It is hereby agreed that the parties may represent that Mr. Quinn is a former employee or retiree of Company or AT&T; but otherwise the parties agree that neither of them will make, or cause to be made, any public statements, disclosures or publications which relate in any way, directly or indirectly to Mr. Quinn’s cessation of employment with Company without prior written approval by the other party. Mr. Quinn also agrees that he will not make, nor cause to be made any public statements, disclosures or publications which portray unfavorably, reflect adversely on, or are derogatory or inimical to the best interests of AT&T, its subsidiaries, or their respective directors, officers, employees or agents, past, present or future. The Company also agrees that it will not make, nor cause to be made any public statements, disclosures or publications which portray unfavorably, reflect adversely on, or are derogatory or inimical to the best interests of Mr. Quinn. Notwithstanding anything herein to the contrary, nothing in this Agreement will be construed to prevent either party or its representatives from making statements in any investigation by a government authority or testifying at an administrative hearing, a deposition, or in court in response to a lawful subpoena in any litigation or proceedings.

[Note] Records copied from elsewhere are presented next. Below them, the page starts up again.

text \<open>Herglotz's argument, run for the four scalar sequences at once: Helly's theorem extracts
  weak limits of the normalised Fejer measures along a common subsequence.\<close>
lemma positive_definite_limit_measures:
  assumes pd: "positive_definite \<phi>" and a0: "0 < fst (\<phi> 0)"
  obtains \<Lambda> :: "nat \<Rightarrow> real measure" where
    "\<And>c. c < 4 \<Longrightarrow> real_distribution (\<Lambda> c)"
    "\<And>c n. c < 4 \<Longrightarrow> integral\<^sup>L (\<Lambda> c) (\<lambda>t. cos (of_int n * t)) = fst (\<phi> n) / fst (\<phi> 0)"
    "\<And>c n. c < 4 \<Longrightarrow> integral\<^sup>L (\<Lambda> c) (\<lambda>t. sin (of_int n * t)) = qim c (\<phi> n) / fst (\<phi> 0)"
    "\<And>f. continuous_on UNIV f \<Longrightarrow> (\<And>x. 0 \<le> f x \<and> f x \<le> 1) \<Longrightarrow>
      lorentz_cone (integral\<^sup>L (\<Lambda> 0) f) (integral\<^sup>L (\<Lambda> 1) f - integral\<^sup>L (\<Lambda> 0) f)
        (integral\<^sup>L (\<Lambda> 2) f - integral\<^sup>L (\<Lambda> 0) f) (integral\<^sup>L (\<Lambda> 3) f - integral\<^sup>L (\<Lambda> 0) f)"
proof -
  define \<nu> where "\<nu> c N = fejer_measure (Suc N) (\<lambda>m. fst (\<phi> m)) (\<lambda>m. qim c (\<phi> m))" for c N
  obtain r \<Lambda> where r: "strict_mono r"
    and \<Lambda>: "\<And>c. c < 4 \<Longrightarrow> real_distribution (\<Lambda> c) \<and> weak_conv_m (\<nu> c \<circ> r) (\<Lambda> c)"
    using helly_selection_simultaneous[of 4 \<nu>] positive_definite_fejer_measure_tight[OF pd a0]
    unfolding \<nu>_def by blast
  have distr: "real_distribution (\<nu> c N)" for c N
    unfolding \<nu>_def by (rule positive_definite_fejer_measure_distribution[OF pd a0]) simp
  have conv: "(\<lambda>k. integral\<^sup>L (\<nu> c (r k)) f) \<longlonglongrightarrow> integral\<^sup>L (\<Lambda> c) f"
    if "c < 4" "continuous_on UNIV f" "\<And>x. \<bar>f x\<bar> \<le> 1" for c and f :: "real \<Rightarrow> real"
    using weak_conv_imp_integral_bdd_continuous_conv[of "\<nu> c \<circ> r" "\<Lambda> c" f 1] \<Lambda>[OF that(1)] distr that(2,3)
    by (simp add: continuous_on_eq_continuous_at comp_def)
  have ratio: "(\<lambda>k. lag_count (Suc (r k)) n / real (Suc (r k)) * x) \<longlonglongrightarrow> x" for n :: int and x :: real
  proof -
    have "(\<lambda>k. lag_count (Suc (r k)) n / real (Suc (r k))) \<longlonglongrightarrow> 1"
      using LIMSEQ_subseq_LIMSEQ[OF lag_count_ratio_tendsto, of "\<lambda>k. Suc (r k)"] r
      by (simp add: strict_mono_Suc_iff strict_mono_less comp_def)
    from tendsto_mult_right[OF this, of x] show ?thesis by simp
  qed
  show ?thesis
  proof (rule that)
    show "real_distribution (\<Lambda> c)" if "c < 4" for c using \<Lambda>[OF that] by blast
  next
    fix c :: nat and n :: int assume c: "c < 4"
    have "(\<lambda>k. integral\<^sup>L (\<nu> c (r k)) (\<lambda>t. cos (of_int n * t)))
        = (\<lambda>k. lag_count (Suc (r k)) n / real (Suc (r k)) * (fst (\<phi> n) / fst (\<phi> 0)))"
      unfolding \<nu>_def by (intro ext positive_definite_fejer_measure_cos[OF pd a0]) simp
    with ratio have "(\<lambda>k. integral\<^sup>L (\<nu> c (r k)) (\<lambda>t. cos (of_int n * t))) \<longlonglongrightarrow> fst (\<phi> n) / fst (\<phi> 0)"
      by (simp only:)
    moreover have "(\<lambda>k. integral\<^sup>L (\<nu> c (r k)) (\<lambda>t. cos (of_int n * t))) \<longlonglongrightarrow> integral\<^sup>L (\<Lambda> c) (\<lambda>t. cos (of_int n * t))"
      using c by (intro conv) (auto intro!: continuous_intros)
    ultimately show "integral\<^sup>L (\<Lambda> c) (\<lambda>t. cos (of_int n * t)) = fst (\<phi> n) / fst (\<phi> 0)"
      by (rule LIMSEQ_unique[symmetric])
  next
    fix c :: nat and n :: int assume c: "c < 4"
    have "(\<lambda>k. integral\<^sup>L (\<nu> c (r k)) (\<lambda>t. sin (of_int n * t)))
        = (\<lambda>k. lag_count (Suc (r k)) n / real (Suc (r k)) * (qim c (\<phi> n) / fst (\<phi> 0)))"
      unfolding \<nu>_def by (intro ext positive_definite_fejer_measure_sin[OF pd a0]) simp
    with ratio have "(\<lambda>k. integral\<^sup>L (\<nu> c (r k)) (\<lambda>t. sin (of_int n * t))) \<longlonglongrightarrow> qim c (\<phi> n) / fst (\<phi> 0)"
      by (simp only:)
    moreover have "(\<lambda>k. integral\<^sup>L (\<nu> c (r k)) (\<lambda>t. sin (of_int n * t))) \<longlonglongrightarrow> integral\<^sup>L (\<Lambda> c) (\<lambda>t. sin (of_int n * t))"
      using c by (intro conv) (auto intro!: continuous_intros)
    ultimately show "integral\<^sup>L (\<Lambda> c) (\<lambda>t. sin (of_int n * t)) = qim c (\<phi> n) / fst (\<phi> 0)"
      by (rule LIMSEQ_unique[symmetric])
  next
    fix f :: "real \<Rightarrow> real"
    assume f: "continuous_on UNIV f" "\<And>x. 0 \<le> f x \<and> f x \<le> 1"
    define J where "J k c = integral\<^sup>L (\<nu> c (r k)) f" for k c
    have lim: "(\<lambda>k. J k c) \<longlonglongrightarrow> integral\<^sup>L (\<Lambda> c) f" if "c < 4" for c
      unfolding J_def using that f by (intro conv) (auto simp: abs_le_iff intro: order_trans)
    have cone: "lorentz_cone (J k 0) (J k 1 - J k 0) (J k 2 - J k 0) (J k 3 - J k 0)" for k
      unfolding J_def \<nu>_def
      by (rule positive_definite_fejer_measure_lorentz_cone[OF pd a0]) (use f in auto)
    show "lorentz_cone (integral\<^sup>L (\<Lambda> 0) f) (integral\<^sup>L (\<Lambda> 1) f - integral\<^sup>L (\<Lambda> 0) f)
        (integral\<^sup>L (\<Lambda> 2) f - integral\<^sup>L (\<Lambda> 0) f) (integral\<^sup>L (\<Lambda> 3) f - integral\<^sup>L (\<Lambda> 0) f)"
      by (rule lorentz_cone_tendsto[of "\<lambda>k. J k 0" "\<lambda>k. J k 1 - J k 0" "\<lambda>k. J k 2 - J k 0"
            "\<lambda>k. J k 3 - J k 0"])
         (use cone in simp, (intro tendsto_diff lim; simp)+)
  qed
qed
lemma wdot_pos_cpt_roots_nonneg:
  assumes dominant: "\<And>j. 2 \<le> j \<Longrightarrow> j \<le> l \<Longrightarrow> 0 \<le> wdot l lam (phi l j)"
    and a: "a \<in> pos_cpt_roots l"
  shows "0 \<le> wdot l lam a"
proof -
  obtain c :: "nat \<Rightarrow> nat" where c: "a = lincomb l (\<lambda>i. int (c i))" and "a 1 = 0"
    using a by (auto simp: pos_cpt_roots_def pos_roots_def cpt_roots_def)
  have "0 \<le> int (c j) * wdot l lam (phi l j)" if "j \<in> {1..l}" for j
  proof (cases "j = 1")
    case True
    with that have "c 1 = 0"
      using \<open>a 1 = 0\<close> by (simp add: c lincomb_apply)
    with True show ?thesis by simp
  next
    case False
    with that show ?thesis by (simp add: dominant)
  qed
  then show ?thesis
    unfolding c wdot_lincomb by (rule sum_nonneg)
qed

lemma theta_parabolic_parabolic_of_weight:
  assumes "\<And>j. 2 \<le> j \<Longrightarrow> j \<le> l \<Longrightarrow> 0 \<le> wdot l lam (phi l j)"
  shows "theta_parabolic l (parabolic_of_weight l lam)"
  unfolding theta_parabolic_def
proof (intro conjI ballI impI)
  let ?P = "parabolic_of_weight l lam"
  show "?P \<subseteq> roots l"
    by (auto simp: parabolic_of_weight_def)
  show "wadd a b \<in> ?P" if "a \<in> ?P" "b \<in> ?P" "wadd a b \<in> roots l" for a b
    using that by (simp add: parabolic_of_weight_def wdot_wadd)
  have "a \<in> ?P \<union> wneg ` ?P" if "a \<in> roots l" for a
  proof -
    have "a \<in> ?P \<or> wneg a \<in> ?P"
      using that by (auto simp: parabolic_of_weight_def wdot_wneg wneg_roots)
    then show ?thesis
      by (metis UnI1 UnI2 image_eqI wneg_wneg)
  qed
  then show "?P \<union> wneg ` ?P = roots l"
    by (auto simp: parabolic_of_weight_def wneg_roots)
  show "pos_cpt_roots l \<subseteq> ?P"
    using wdot_pos_cpt_roots_nonneg[OF assms]
    by (auto simp: parabolic_of_weight_def pos_cpt_roots_def cpt_roots_def)
qed

lemma nilradical_pairsI: "theta_parabolic l P \<Longrightarrow> (u_minus l P, u_plus l P) \<in> nilradical_pairs l"
  unfolding nilradical_pairs_def by blast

11. Mr. Quinn declares that his decision to execute this Agreement and the Release and Waiver contained herein has not been influenced by any declarations or representations by Company, AT&T, or any AT&T subsidiary, other than the contractual agreements and consideration expressly stated herein.

Company has expressly advised Mr. Quinn to seek personal legal advice prior to executing this Agreement and the Release and Waiver contained herein, and Mr. Quinn, by his signature below, hereby expressly acknowledges that he was given at least twenty one (21) days in which to seek such advice and decide whether or not to enter into and execute the Release and Waiver contained herein. The parties agree that any changes to this Agreement or to the Release and Waiver contained herein made after the initial draft of this Agreement and Release and Waiver of Claims is presented to Mr. Quinn, whether material or immaterial, do not restart the running of said twenty-one (21) day period.

Mr. Quinn may revoke this Agreement and the Release and Waiver contained herein within seven (7) days of his execution of the Release and Waiver contained herein by giving notice, in writing, by certified mail, return receipt requested to Company at the address specified below. Proof of such mailing within said seven (7) day period shall suffice to establish revocation pursuant to this Section. In the event of any such revocation, this entire Agreement and the Release and Waiver contained herein shall be null and void, and unenforceable by either party.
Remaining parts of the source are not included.